[ACTIVITY]
Go over the records and copy every line with the string "define".

(Collected data entries)
----
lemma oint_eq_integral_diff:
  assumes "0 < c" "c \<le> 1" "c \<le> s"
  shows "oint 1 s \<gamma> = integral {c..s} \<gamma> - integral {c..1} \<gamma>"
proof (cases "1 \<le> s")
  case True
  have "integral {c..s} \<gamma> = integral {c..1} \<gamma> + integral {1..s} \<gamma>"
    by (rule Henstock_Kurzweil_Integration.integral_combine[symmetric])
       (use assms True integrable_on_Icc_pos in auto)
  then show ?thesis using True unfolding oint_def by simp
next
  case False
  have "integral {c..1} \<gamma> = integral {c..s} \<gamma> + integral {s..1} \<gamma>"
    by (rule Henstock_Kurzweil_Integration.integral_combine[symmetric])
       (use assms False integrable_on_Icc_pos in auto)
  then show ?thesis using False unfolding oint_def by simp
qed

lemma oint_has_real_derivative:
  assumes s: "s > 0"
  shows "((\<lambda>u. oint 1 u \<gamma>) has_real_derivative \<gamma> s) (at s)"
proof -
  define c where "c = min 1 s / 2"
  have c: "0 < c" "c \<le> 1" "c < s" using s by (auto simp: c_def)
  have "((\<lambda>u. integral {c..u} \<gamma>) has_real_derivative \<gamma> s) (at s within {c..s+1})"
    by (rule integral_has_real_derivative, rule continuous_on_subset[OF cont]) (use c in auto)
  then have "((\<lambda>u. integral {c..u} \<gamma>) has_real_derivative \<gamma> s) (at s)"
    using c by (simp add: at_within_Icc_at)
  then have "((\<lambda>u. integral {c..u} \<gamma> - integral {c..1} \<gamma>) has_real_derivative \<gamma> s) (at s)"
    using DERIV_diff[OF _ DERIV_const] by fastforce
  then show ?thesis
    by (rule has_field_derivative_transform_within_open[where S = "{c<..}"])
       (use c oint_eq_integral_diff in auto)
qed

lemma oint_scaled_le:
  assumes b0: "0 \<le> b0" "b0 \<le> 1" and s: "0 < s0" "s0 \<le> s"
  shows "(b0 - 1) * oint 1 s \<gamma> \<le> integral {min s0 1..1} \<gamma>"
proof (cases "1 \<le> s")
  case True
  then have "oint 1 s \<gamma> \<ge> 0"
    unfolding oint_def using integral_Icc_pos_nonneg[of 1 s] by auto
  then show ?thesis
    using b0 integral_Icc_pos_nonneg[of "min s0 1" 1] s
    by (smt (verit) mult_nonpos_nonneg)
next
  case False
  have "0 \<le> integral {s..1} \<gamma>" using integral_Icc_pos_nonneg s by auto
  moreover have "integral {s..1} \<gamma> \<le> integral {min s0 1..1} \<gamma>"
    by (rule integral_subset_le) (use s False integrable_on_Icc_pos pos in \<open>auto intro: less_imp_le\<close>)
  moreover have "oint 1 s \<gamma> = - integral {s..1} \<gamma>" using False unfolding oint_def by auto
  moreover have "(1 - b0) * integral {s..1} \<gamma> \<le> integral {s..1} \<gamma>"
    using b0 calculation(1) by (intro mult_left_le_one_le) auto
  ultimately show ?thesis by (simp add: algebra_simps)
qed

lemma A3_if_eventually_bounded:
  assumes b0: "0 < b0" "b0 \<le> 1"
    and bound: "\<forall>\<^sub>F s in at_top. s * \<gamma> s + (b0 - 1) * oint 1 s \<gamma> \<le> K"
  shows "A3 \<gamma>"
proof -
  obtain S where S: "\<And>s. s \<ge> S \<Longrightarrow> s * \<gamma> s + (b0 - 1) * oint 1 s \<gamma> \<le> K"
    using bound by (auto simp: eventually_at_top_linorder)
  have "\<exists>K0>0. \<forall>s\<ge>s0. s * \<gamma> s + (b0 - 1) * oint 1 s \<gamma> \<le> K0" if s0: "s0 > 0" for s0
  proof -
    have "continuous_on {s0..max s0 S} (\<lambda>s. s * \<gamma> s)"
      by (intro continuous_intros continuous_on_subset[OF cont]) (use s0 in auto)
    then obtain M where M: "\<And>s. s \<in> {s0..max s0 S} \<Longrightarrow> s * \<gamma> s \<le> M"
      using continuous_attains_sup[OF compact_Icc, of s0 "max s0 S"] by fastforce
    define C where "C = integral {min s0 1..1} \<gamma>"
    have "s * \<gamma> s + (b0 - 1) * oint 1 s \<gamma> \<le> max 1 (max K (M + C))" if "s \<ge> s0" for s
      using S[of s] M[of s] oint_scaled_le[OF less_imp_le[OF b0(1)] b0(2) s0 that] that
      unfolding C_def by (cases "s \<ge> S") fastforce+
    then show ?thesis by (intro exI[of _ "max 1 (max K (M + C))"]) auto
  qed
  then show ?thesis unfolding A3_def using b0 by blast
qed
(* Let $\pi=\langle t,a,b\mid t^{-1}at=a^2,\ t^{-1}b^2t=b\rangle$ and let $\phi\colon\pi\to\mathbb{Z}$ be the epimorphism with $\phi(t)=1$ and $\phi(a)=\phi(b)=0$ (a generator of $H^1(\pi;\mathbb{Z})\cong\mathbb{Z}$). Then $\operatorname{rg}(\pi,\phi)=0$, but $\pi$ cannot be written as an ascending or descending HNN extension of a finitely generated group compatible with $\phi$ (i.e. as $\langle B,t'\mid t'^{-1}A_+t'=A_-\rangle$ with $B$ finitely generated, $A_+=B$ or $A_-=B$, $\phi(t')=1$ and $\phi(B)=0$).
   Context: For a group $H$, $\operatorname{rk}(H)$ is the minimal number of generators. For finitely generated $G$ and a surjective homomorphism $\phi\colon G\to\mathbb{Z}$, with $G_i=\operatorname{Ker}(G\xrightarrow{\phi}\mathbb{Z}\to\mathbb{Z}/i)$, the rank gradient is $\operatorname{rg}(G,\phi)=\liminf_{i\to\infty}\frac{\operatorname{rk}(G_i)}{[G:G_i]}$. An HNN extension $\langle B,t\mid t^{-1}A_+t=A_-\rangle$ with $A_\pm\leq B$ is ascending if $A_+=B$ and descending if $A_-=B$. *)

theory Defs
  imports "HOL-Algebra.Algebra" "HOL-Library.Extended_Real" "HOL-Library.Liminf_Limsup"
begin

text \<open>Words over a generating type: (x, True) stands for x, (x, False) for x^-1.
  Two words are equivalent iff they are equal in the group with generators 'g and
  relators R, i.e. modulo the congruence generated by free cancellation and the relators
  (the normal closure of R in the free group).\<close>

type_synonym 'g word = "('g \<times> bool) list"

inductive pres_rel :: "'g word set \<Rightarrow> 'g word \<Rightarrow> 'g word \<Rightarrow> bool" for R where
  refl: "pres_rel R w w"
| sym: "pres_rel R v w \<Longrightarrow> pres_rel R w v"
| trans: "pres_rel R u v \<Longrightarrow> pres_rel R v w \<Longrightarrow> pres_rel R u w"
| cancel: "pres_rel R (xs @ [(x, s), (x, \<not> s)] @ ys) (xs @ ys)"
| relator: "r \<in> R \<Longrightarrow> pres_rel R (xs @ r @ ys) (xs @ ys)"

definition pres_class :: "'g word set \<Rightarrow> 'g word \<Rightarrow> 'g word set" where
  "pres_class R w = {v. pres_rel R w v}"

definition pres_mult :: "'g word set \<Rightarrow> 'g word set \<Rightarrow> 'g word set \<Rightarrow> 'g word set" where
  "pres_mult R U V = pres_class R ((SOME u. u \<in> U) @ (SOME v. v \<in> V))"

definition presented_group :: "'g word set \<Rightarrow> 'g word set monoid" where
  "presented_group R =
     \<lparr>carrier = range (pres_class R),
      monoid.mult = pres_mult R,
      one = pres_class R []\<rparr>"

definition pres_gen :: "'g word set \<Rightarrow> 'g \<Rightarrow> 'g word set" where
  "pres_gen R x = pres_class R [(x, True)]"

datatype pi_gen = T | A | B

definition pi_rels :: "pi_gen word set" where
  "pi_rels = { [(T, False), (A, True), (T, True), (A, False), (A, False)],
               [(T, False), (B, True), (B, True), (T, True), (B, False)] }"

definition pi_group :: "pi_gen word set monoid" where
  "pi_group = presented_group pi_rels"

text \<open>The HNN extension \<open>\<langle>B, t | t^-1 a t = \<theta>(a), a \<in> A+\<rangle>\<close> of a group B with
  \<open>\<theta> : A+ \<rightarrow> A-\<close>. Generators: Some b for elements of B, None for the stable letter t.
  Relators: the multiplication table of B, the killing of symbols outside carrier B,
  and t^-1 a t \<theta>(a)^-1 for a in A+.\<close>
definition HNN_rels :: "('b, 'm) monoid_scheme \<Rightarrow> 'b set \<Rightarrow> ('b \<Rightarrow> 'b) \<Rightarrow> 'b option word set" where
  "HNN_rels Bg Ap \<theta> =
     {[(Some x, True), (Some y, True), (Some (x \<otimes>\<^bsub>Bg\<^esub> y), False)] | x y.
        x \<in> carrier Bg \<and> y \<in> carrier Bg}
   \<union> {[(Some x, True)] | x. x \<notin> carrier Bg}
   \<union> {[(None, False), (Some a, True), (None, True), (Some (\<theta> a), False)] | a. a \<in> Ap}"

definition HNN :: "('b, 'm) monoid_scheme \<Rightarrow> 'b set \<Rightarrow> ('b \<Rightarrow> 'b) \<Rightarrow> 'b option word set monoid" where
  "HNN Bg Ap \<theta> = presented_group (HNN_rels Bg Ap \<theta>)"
----
[EXERCISE SOLUTION]
  define c where "c = min 1 s / 2"
    define C where "C = integral {min s0 1..1} \<gamma>"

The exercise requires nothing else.